Re: GSOC Student Project Idea

From: Alexander Korotkov <aekorotkov(at)gmail(dot)com>
To: Michael Schuh <schuh(dot)mike(at)gmail(dot)com>
Cc: PostgreSQL-development <pgsql-hackers(at)postgresql(dot)org>
Subject: Re: GSOC Student Project Idea
Date: 2013-04-23 21:25:47
Message-ID: CAPpHfdskjgBMsXd-dLMnhFG-8c2KRyZxseKkByV_6gev6ea6GQ@mail.gmail.com
Views: Raw Message | Whole Thread | Download mbox | Resend email
Thread:
Lists: pgsql-hackers

Michael,

On Mon, Apr 22, 2013 at 4:28 PM, Michael Schuh <schuh(dot)mike(at)gmail(dot)com> wrote:

> Although I do not have a lot of experience with PostgreSQL development, I
> am eager to learn and commit my summer to enabling another fantastic
> feature for the community. Since iDistance is a non-recursive, data-driven,
> space-based partitioning strategy which builds directly onto a B+-tree, I
> believe the implementation should be possible using only GiST support.
> Please let me know if this is of any interest, or if you have any
> additional questions. Unfortunately, I will be unavailable most of the day,
> but I plan to fill out the GSOC application later this evening.
>

I've taken a brief look on the paper and implementation. As I can see
iDistance implements some global building strategy. I mean, for example, it
selects some point, calculates distances from selected point to all points
in dataset etc. So, it uses the whole dataset at the same time.
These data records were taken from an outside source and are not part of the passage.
(* Let $R$ be an $n^2\times n^2$ solution of the QYBE satisfying the Hecke condition $(PR-q)(PR+q^{-1})=0$, and regard $\Omega_q(R)$ as a superalgebra with $x_i$ even and $\mathrm dx_i$ odd. Let $\alpha,\beta,\gamma,\delta$ satisfy the relations of $GL_q^\Omega(1|1)$ and form, in the graded tensor product of $GL_q^\Omega(1|1)$ with $\Omega_q(R)$ (odd elements from different factors anticommuting, all other pairs commuting), $x_i'=\alpha x_i+\beta\,\mathrm dx_i$, $\mathrm dx_i'=\gamma x_i+\delta\,\mathrm dx_i$ for $i=1,\dots,n$. Then the $x_i',\mathrm dx_i'$ satisfy the same relations as the generators of $\Omega_q(R)$.
   Context: $P$ is the permutation matrix; repeated indices summed. $\Omega_q(R)$ is generated by $x_1,\dots,x_n,\mathrm dx_1,\dots,\mathrm dx_n$ with relations $x_ix_j=q^{-1}x_bx_aR^a{}_i{}^b{}_j$, $\mathrm dx_i\,x_j=q\,x_b\,\mathrm dx_aR^a{}_i{}^b{}_j$, $\mathrm dx_i\,\mathrm dx_j=-q\,\mathrm dx_b\,\mathrm dx_aR^a{}_i{}^b{}_j$. $GL_q^\Omega(1|1)$ is the super-Hopf algebra generated by $\alpha,\delta$ even and invertible and $\beta,\gamma$ odd with relations $\beta\alpha=\alpha\beta$, $\gamma\alpha=q^2\alpha\gamma$, $\delta\beta=\beta\delta$, $\delta\gamma=q^{-2}\gamma\delta$, $\gamma\beta=-q^2\beta\gamma$, $\delta\alpha-\alpha\delta=(1-q^2)\beta\gamma$, $\beta^2=\gamma^2=0$, with matrix super-coproduct on $\begin{pmatrix}\alpha&\beta\\\gamma&\delta\end{pmatrix}$. *)

theory Defs
  imports Main
begin

definition mmul :: "('i::finite \<Rightarrow> 'i \<Rightarrow> 'k::comm_ring_1) \<Rightarrow> ('i \<Rightarrow> 'i \<Rightarrow> 'k) \<Rightarrow> 'i \<Rightarrow> 'i \<Rightarrow> 'k" where
  "mmul M N x z = (\<Sum>y\<in>UNIV. M x y * N y z)"

definition idm :: "'i \<Rightarrow> 'i \<Rightarrow> 'k::comm_ring_1" where
  "idm x y = (if x = y then 1 else 0)"

text \<open>An R-matrix is given by its components R a i b j = R^a_i^b_j; as an n^2 x n^2
  matrix its entry in row (a,b) and column (i,j) is R^a_i^b_j.\<close>

definition Rmat :: "('n \<Rightarrow> 'n \<Rightarrow> 'n \<Rightarrow> 'n \<Rightarrow> 'k) \<Rightarrow> ('n \<times> 'n) \<Rightarrow> ('n \<times> 'n) \<Rightarrow> 'k" where
  "Rmat R = (\<lambda>(a, b) (i, j). R a i b j)"

definition Pmat :: "('n \<times> 'n) \<Rightarrow> ('n \<times> 'n) \<Rightarrow> 'k::comm_ring_1" where
  "Pmat = (\<lambda>(a, b) (i, j). if a = j \<and> b = i then 1 else 0)"

definition R12 :: "('n \<Rightarrow> 'n \<Rightarrow> 'n \<Rightarrow> 'n \<Rightarrow> 'k::comm_ring_1) \<Rightarrow> ('n \<times> 'n \<times> 'n) \<Rightarrow> ('n \<times> 'n \<times> 'n) \<Rightarrow> 'k" where
  "R12 R = (\<lambda>(a, b, c) (i, j, k). R a i b j * idm c k)"

definition R13 :: "('n \<Rightarrow> 'n \<Rightarrow> 'n \<Rightarrow> 'n \<Rightarrow> 'k::comm_ring_1) \<Rightarrow> ('n \<times> 'n \<times> 'n) \<Rightarrow> ('n \<times> 'n \<times> 'n) \<Rightarrow> 'k" where
  "R13 R = (\<lambda>(a, b, c) (i, j, k). R a i c k * idm b j)"

definition R23 :: "('n \<Rightarrow> 'n \<Rightarrow> 'n \<Rightarrow> 'n \<Rightarrow> 'k::comm_ring_1) \<Rightarrow> ('n \<times> 'n \<times> 'n) \<Rightarrow> ('n \<times> 'n \<times> 'n) \<Rightarrow> 'k" where
  "R23 R = (\<lambda>(a, b, c) (i, j, k). idm a i * R b j c k)"

definition QYBE :: "('n::finite \<Rightarrow> 'n \<Rightarrow> 'n \<Rightarrow> 'n \<Rightarrow> 'k::comm_ring_1) \<Rightarrow> bool" where
  "QYBE R \<longleftrightarrow> mmul (mmul (R12 R) (R13 R)) (R23 R) = mmul (mmul (R23 R) (R13 R)) (R12 R)"

definition hecke :: "'k::field \<Rightarrow> ('n::finite \<Rightarrow> 'n \<Rightarrow> 'n \<Rightarrow> 'n \<Rightarrow> 'k) \<Rightarrow> bool" where
  "hecke q R \<longleftrightarrow>
     mmul (\<lambda>x y. mmul Pmat (Rmat R) x y - q * idm x y)
          (\<lambda>x y. mmul Pmat (Rmat R) x y + inverse q * idm x y) = (\<lambda>x y. 0)"

text \<open>A scalar embedding: a unital ring homomorphism from the ground field into the
  centre of the algebra 'S (i.e. 'S is an associative unital 'k-algebra).\<close>
definition central_scalars :: "('k::field \<Rightarrow> 'S::ring_1) \<Rightarrow> bool" where
  "central_scalars emb \<longleftrightarrow>
     (\<forall>a b. emb (a + b) = emb a + emb b) \<and> (\<forall>a b. emb (a * b) = emb a * emb b) \<and>
     emb 1 = 1 \<and> (\<forall>c s. emb c * s = s * emb c)"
GiST and SP-GiST now behaves differently. They have interface functions
which operates at maximum very small portion of data which fits to disk
page. You can try to fit iDistance into GiST or SP-GiST interface. But will
it be that efficient in this case? I've experimented with fitting VP-tree
(which looks similar to iDistance at first glance) into SP-GiST. Then my
results was depressing: it was useless with levenshtein distance, and it
was worse than R-tree with multidimensional points. So I think we really
need global index building algorithm in order to reveal power of such data
structures. But GiST and SP-GiST currently doesn't support it.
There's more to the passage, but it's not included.